Rab family small GTPases and Arf6 are known to regulate integrin endocytosis and intracellular trafficking [85,91]. Rab21 and Rab5 are co-immunoprecipitated with β1-integrin and control its endosomal trafficking in MDA-MB-231 breast cancer cells [92]. Internalized integrins are recycled back to the plasma membrane through Rab4-dependent direct recycling pathway or Rab11-dependent indirect recycling pathway via recycling endosomes (Figure 3). While phosphatidylinositol 3-kinase (PI3K) and Akt regulate the trafficking of αvβ3- and α5β1-integrins from Rab11-positive recycling endosomes to the plasma membranes, platelet-derived growth factor (PDGF) treatment promotes the Rab4-dependent fast recycling of αvβ3-integrin from early endosomes without the involvement of Rab11 [93,94]. Interestingly, β1-integrin also enhances PDGF receptor trafficking and directed cell migration [95].
Whereas a major fibronectin receptor is α5β1-integrin (Table 1), syndecan-4, a membrane-intercalated heparan sulfate proteoglycan, acts as a co-receptor for fibronectin [96]. A recent study shows that the binding of fibronectin to syndecan-4 induces α5β1-integrin endocytosis in a dynamin- and caveolin-dependent manner [97]. Syndecan-4 is associated with protein kinase Cα (PKCα), and this interaction is required for RhoG-regulated α5β1-integrin endocytosis and cell migration during wound healing. PKCα is also reported to interact with β1-integrin and to promote its endocytosis [98]. A portion of the internalized β1-integrin is recycled to the plasma membrane via PKCε activity, which promotes cell migration [99,100]. Thus, integrin trafficking, regulated by Rab family small GTPases and several kinases, has important roles in cell migration.
Integrin endocytosis is also required for the internalization of ECM proteins, such as vitronectin and fibronectin. In human skin fibroblasts, β5-integrin and vitronectin are co-localized at intracellular vesicles and transported into lysosomes [101]. Another report shows that caveolin-mediated endocytosis of β1-integrin is involved in the turnover of fibronectin [102]. The engagement of fibronectin causes the ubiquitination of α5-integrin, which is transported into lysosomes via the ESCRT pathway [103]. Interestingly, this selective sorting and degradation of fibronectin-bound α5β1-integrin is required for fibroblast migration [103].
Many reports have indicated that integrin trafficking is associated with cancer metastasis [91,104]. Increased expression of αvβ6-integrin is found in many cancers, including oral carcinoma.

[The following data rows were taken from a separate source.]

(* Let $m\ge3$, $\mu\ge0$, and $c\in\mathbb{R}^m_{\ge0}$. For any demand vectors $d=(d_L,d_R)$ and $d'=(d'_L,d'_R)$ with $d_L,d'_L\in\Delta^L$ and $d_R,d'_R\in\Delta^R$, $$\mathrm{OPT}_\mu(d)\le\mathrm{OPT}_\mu(d')+\big(2\|c\|_\infty+66\mu\log m\big)\|d-d'\|_1+\mu m^{-30}.$$
   Context: $L,R$ are finite nonempty sets, $m=|L||R|$, and coordinates of $\mathbb{R}^m$ are indexed by pairs $(i,j)\in L\times R$. $\mathbf{B}\in\{0,1\}^{m\times(|L|+|R|)}$ is the unsigned edge-vertex incidence matrix of the complete bipartite graph on $L\cup R$: $\mathbf{B}_{(i,j),v}=1$ iff $v\in\{i,j\}$. $H(x)=\sum_i x_i\log x_i$ ($0\log0=0$, natural log). $\mathrm{OPT}_\mu(d)=\min_{x\in\Delta^m,\ \mathbf{B}^\top x=d}\ \langle c,x\rangle+\mu H(x)$. $\Delta^k$ denotes the probability simplex. *)

theory Defs
  imports "HOL-Analysis.Analysis"
begin

definition xlogx :: "real \<Rightarrow> real" where
  "xlogx t = (if t = 0 then 0 else t * ln t)"

definition negent :: "'a set \<Rightarrow> 'b set \<Rightarrow> ('a \<times> 'b \<Rightarrow> real) \<Rightarrow> real" where
  "negent L R x = (\<Sum>e\<in>L \<times> R. xlogx (x e))"

definition in_simplex :: "'i set \<Rightarrow> ('i \<Rightarrow> real) \<Rightarrow> bool" where
  "in_simplex I p \<longleftrightarrow> (\<forall>i\<in>I. 0 \<le> p i) \<and> (\<Sum>i\<in>I. p i) = 1"

text \<open>Feasibility: x in the simplex over L x R and B^T x = d, where B is the unsigned
  edge-vertex incidence matrix of the complete bipartite graph; i.e. row sums equal d_L
  and column sums equal d_R.\<close>
definition feasible :: "'a set \<Rightarrow> 'b set \<Rightarrow> ('a \<Rightarrow> real) \<Rightarrow> ('b \<Rightarrow> real)
     \<Rightarrow> ('a \<times> 'b \<Rightarrow> real) \<Rightarrow> bool" where
  "feasible L R dL dR x \<longleftrightarrow> in_simplex (L \<times> R) x
     \<and> (\<forall>i\<in>L. (\<Sum>j\<in>R. x (i, j)) = dL i)
     \<and> (\<forall>j\<in>R. (\<Sum>i\<in>L. x (i, j)) = dR j)"

definition objective :: "'a set \<Rightarrow> 'b set \<Rightarrow> ('a \<times> 'b \<Rightarrow> real) \<Rightarrow> real
     \<Rightarrow> ('a \<times> 'b \<Rightarrow> real) \<Rightarrow> real" where
  "objective L R c \<mu> x = (\<Sum>e\<in>L \<times> R. c e * x e) + \<mu> * negent L R x"

text \<open>OPT_mu(d): the minimum (attained: compact nonempty feasible set, continuous objective),
  written as the infimum of the objective over feasible points.\<close>
definition OPT :: "'a set \<Rightarrow> 'b set \<Rightarrow> ('a \<times> 'b \<Rightarrow> real) \<Rightarrow> real
     \<Rightarrow> ('a \<Rightarrow> real) \<Rightarrow> ('b \<Rightarrow> real) \<Rightarrow> real" where
  "OPT L R c \<mu> dL dR = Inf (objective L R c \<mu> ` {x. feasible L R dL dR x})"

end

theory Submission
  imports Defs
begin

text \<open>Cap the rows of a plan \<open>x'\<close> for \<open>d'\<close> at \<open>dL\<close> and then its columns at \<open>dR\<close>. This
  gives \<open>z \<le> x'\<close> whose missing mass \<open>1 - \<Sum>z\<close> is at most \<open>\<parallel>d - d'\<parallel>\<^sub>1\<close>, and adding the
  outer product of the row and column deficits, divided by that mass, gives a plan \<open>x \<ge> z\<close> for
  \<open>d\<close>. An entry that loses mass \<open>h\<close> raises \<open>t ln t\<close> by at most
  \<open>-h ln h \<le> 64 h ln m + 2 m\<^sup>-\<^sup>3\<^sup>2\<close>; an entry that gains mass \<open>h\<close> raises \<open>t ln t\<close> by at most
  \<open>h\<close> and the cost by at most \<open>\<parallel>c\<parallel>\<^sub>\<infinity> h\<close>. Summing over the \<open>m\<close> entries gives the bound.\<close>

lemma xlogx_ge_minus_one:
  assumes "0 \<le> t" shows "-1 \<le> xlogx t"
proof (cases "t = 0")
  case False
  then have t: "0 < t" using assms by simp
  have "- ln t \<le> inverse t - 1"
    using ln_le_minus_one[of "inverse t"] t by (simp add: ln_inverse)
  then have "t * (- ln t) \<le> t * (inverse t - 1)"
    using t by (intro mult_left_mono) auto
  then show ?thesis using t by (simp add: xlogx_def algebra_simps)
qed (simp add: xlogx_def)

lemma xlogx_add_le:
  assumes "0 \<le> u" "0 \<le> v" "u + v \<le> 1"
  shows "xlogx (u + v) \<le> xlogx u + v"
proof (cases "u = 0")
  case True
  have "v * ln v \<le> v" if "0 < v"
  proof -
    have "v * ln v \<le> 0" using that assms True by (intro mult_nonneg_nonpos) auto
    then show ?thesis using that by linarith
  qed
  then show ?thesis using True assms by (cases "v = 0") (auto simp: xlogx_def)
next
  case False
  then have u: "0 < u" using assms by simp
  have "ln (u + v) - ln u \<le> v / u"
    using ln_le_minus_one[of "(u + v) / u"] u assms by (simp add: ln_div field_simps)
  then have "u * (ln (u + v) - ln u) \<le> v"
    using u by (simp add: field_simps)
  moreover have "v * ln (u + v) \<le> 0"
    using assms u by (intro mult_nonneg_nonpos) auto
  ultimately show ?thesis
    using u assms by (simp add: xlogx_def algebra_simps)
qed

lemma xlogx_diff_le:
  assumes "0 \<le> a" "a \<le> b" "b \<le> 1"
  shows "xlogx a - xlogx b \<le> - xlogx (b - a)"
proof (cases "a = 0 \<or> a = b")
  case True
  then show ?thesis by (auto simp: xlogx_def)
next
  case False
  then have a: "0 < a" and h: "0 < b - a" using assms by auto
  have "a * ln a \<le> a * ln b" using a assms by (intro mult_left_mono) auto
  moreover have "(b - a) * ln (b - a) \<le> (b - a) * ln b"
    using h a by (intro mult_left_mono) auto
  moreover have "b * ln b = a * ln b + (b - a) * ln b" by (simp add: algebra_simps)
  ultimately have "a * ln a - b * ln b \<le> - ((b - a) * ln (b - a))" by linarith
  then show ?thesis using a h by (simp add: xlogx_def)
qed

lemma neg_xlogx_le_sqrt:
  assumes "0 \<le> h" shows "- xlogx h \<le> 2 * sqrt h"
proof (cases "h = 0")
  case False
  then have h: "0 < h" using assms by simp
  have "- ln h / 2 \<le> inverse (sqrt h) - 1"
    using ln_le_minus_one[of "inverse (sqrt h)"] h by (simp add: ln_inverse ln_sqrt)
  then have "h * (- ln h) \<le> h * (2 * inverse (sqrt h))"
    using h by (intro mult_left_mono) auto
  also have "h * (2 * inverse (sqrt h)) = 2 * sqrt h"
    using h by (metis real_div_sqrt divide_inverse mult.left_commute less_imp_le)
  finally show ?thesis using h by (simp add: xlogx_def)
qed (simp add: xlogx_def)

text \<open>Either \<open>h \<ge> M^(-2k)\<close>, so that \<open>-ln h \<le> 2k ln M\<close>, or \<open>-h ln h \<le> 2 sqrt h < 2 M^(-k)\<close>.\<close>
lemma neg_xlogx_le:
  fixes M :: real and k :: nat
  assumes "0 \<le> h" "1 \<le> M"
  shows "- xlogx h \<le> 2 * real k * ln M * h + 2 * inverse (M ^ k)"
proof (cases "inverse (M ^ (2 * k)) \<le> h")
  case True
  moreover have "0 < inverse (M ^ (2 * k))" using assms by simp
  ultimately have h: "0 < h" by linarith
  have "- ln h \<le> 2 * real k * ln M"
    using ln_le_cancel_iff[of "inverse (M ^ (2 * k))" h] True h assms
    by (simp add: ln_inverse ln_realpow)
  then have "h * (- ln h) \<le> h * (2 * real k * ln M)" using h by (intro mult_left_mono) auto
  then have "- xlogx h \<le> 2 * real k * ln M * h" using h by (simp add: xlogx_def algebra_simps)
  moreover have "0 \<le> inverse (M ^ k)" using assms by simp
  ultimately show ?thesis by linarith
next
  case False
  have "sqrt h \<le> sqrt (inverse (M ^ (2 * k)))" using False by simp
  also have "\<dots> = inverse (M ^ k)"
    using assms by (simp add: power_mult real_sqrt_inverse real_sqrt_power flip: power_mult_distrib)
  finally have "- xlogx h \<le> 2 * inverse (M ^ k)" using neg_xlogx_le_sqrt[OF assms(1)] by simp
  moreover have "0 \<le> 2 * real k * ln M * h" using assms by simp
  ultimately show ?thesis by linarith
qed

lemma feasible_nonneg: "feasible L R dL dR x \<Longrightarrow> e \<in> L \<times> R \<Longrightarrow> 0 \<le> x e"
  by (auto simp: feasible_def in_simplex_def)

lemma feasible_le_one:
  assumes "finite L" "finite R" "feasible L R dL dR x" "e \<in> L \<times> R"
  shows "x e \<le> 1"
proof -
  have "x e \<le> (\<Sum>e\<in>L \<times> R. x e)"
    using assms by (intro member_le_sum) (auto simp: feasible_nonneg)
  then show ?thesis using assms(3) by (simp add: feasible_def in_simplex_def)
qed

lemma feasible_product:
  assumes "in_simplex L dL" "in_simplex R dR"
  shows "feasible L R dL dR (\<lambda>(i, j). dL i * dR j)"
  using assms
  by (auto simp: feasible_def in_simplex_def sum.cartesian_product'
      simp flip: sum_distrib_left sum_distrib_right)

text \<open>If \<open>Z\<close> fits under the marginals \<open>dL\<close>, \<open>dR\<close>, the row deficits \<open>r\<close> and the column
  deficits \<open>q\<close> both have total mass \<open>s = 1 - \<Sum>Z\<close>, so \<open>Z + r q\<^sup>T / s\<close> is feasible.\<close>
lemma feasible_add_deficit_product:
  assumes fin: "finite L" "finite R"
    and dL: "in_simplex L dL" and dR: "in_simplex R dR"
    and Z0: "\<forall>e\<in>L \<times> R. 0 \<le> Z e"
    and row: "\<forall>i\<in>L. (\<Sum>j\<in>R. Z (i, j)) \<le> dL i"
    and col: "\<forall>j\<in>R. (\<Sum>i\<in>L. Z (i, j)) \<le> dR j"
  shows "\<exists>W. (\<forall>e\<in>L \<times> R. 0 \<le> W e) \<and> feasible L R dL dR (\<lambda>e. Z e + W e)"
proof -
  define r where "r i = dL i - (\<Sum>j\<in>R. Z (i, j))" for i
  define q where "q j = dR j - (\<Sum>i\<in>L. Z (i, j))" for j
  define s where "s = 1 - (\<Sum>e\<in>L \<times> R. Z e)"
  define W where "W = (\<lambda>(i, j). r i * q j / s)"
  have r0: "\<forall>i\<in>L. 0 \<le> r i" and q0: "\<forall>j\<in>R. 0 \<le> q j"
    using row col by (auto simp: r_def q_def)
  have sum_r: "(\<Sum>i\<in>L. r i) = s" and sum_q: "(\<Sum>j\<in>R. q j) = s"
    using dL dR
    by (auto simp: r_def q_def s_def in_simplex_def sum_subtractf sum.cartesian_product'
        intro: sum.swap)
  have W0: "\<forall>e\<in>L \<times> R. 0 \<le> W e"
    using r0 q0 sum_r sum_nonneg[of L r] by (auto simp: W_def)
  have W_row: "(\<Sum>j\<in>R. W (i, j)) = r i" if "i \<in> L" for i
  proof -
    have "(\<Sum>j\<in>R. W (i, j)) = r i * s / s"
      unfolding W_def by (simp add: sum_q flip: sum_divide_distrib sum_distrib_left)
    also have "\<dots> = r i"
      using r0 that fin sum_r sum_nonneg_eq_0_iff[of L r] by (cases "s = 0") auto
    finally show ?thesis .
  qed
  have W_col: "(\<Sum>i\<in>L. W (i, j)) = q j" if "j \<in> R" for j
  proof -
    have "(\<Sum>i\<in>L. W (i, j)) = q j * s / s"
      unfolding W_def by (simp add: sum_r mult.commute flip: sum_divide_distrib sum_distrib_left)
    also have "\<dots> = q j"
      using q0 that fin sum_q sum_nonneg_eq_0_iff[of R q] by (cases "s = 0") auto
    finally show ?thesis .
  qed
  have "(\<Sum>j\<in>R. Z (i, j) + W (i, j)) = dL i" if "i \<in> L" for i
    using W_row[OF that] by (simp add: sum.distrib r_def)
  moreover have "(\<Sum>i\<in>L. Z (i, j) + W (i, j)) = dR j" if "j \<in> R" for j
    using W_col[OF that] by (simp add: sum.distrib q_def)
  ultimately have "feasible L R dL dR (\<lambda>e. Z e + W e)"
    using Z0 W0 dL by (auto simp: feasible_def in_simplex_def sum.cartesian_product')
  with W0 show ?thesis by blast
qed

HS1-associated protein X-1 (HAX-1) directly binds to the cytoplasmic domain of β6-integrin and this interaction enhances the migration and invasion of oral squamous cell carcinoma cell lines through promotion of the clathrin-mediated endocytosis of αvβ6-integrin [105]. In addition, enhanced expression of Arf6 is observed in breast cancer cells, and GEP100 (also known as BRAG2), an activator for Arf6, is responsible for the invasive activity of MDA-MB-231 breast cancer cells [106]. Since it is known that GEP100 regulates the endocytosis of β1-integrin [107], Arf6-mediated trafficking of β1-integrin may contribute to the acquisition of invasive phenotypes in breast cancer cells. Furthermore, recent reports have revealed that oncogenic mutant forms of p53, a major tumor suppressor, enhance Rab11-dependent recycling of α5β1-integrin to promote invasive migration [108,109]. These observations strongly suggest that integrin trafficking is closely associated with cancer cell invasion and metastasis.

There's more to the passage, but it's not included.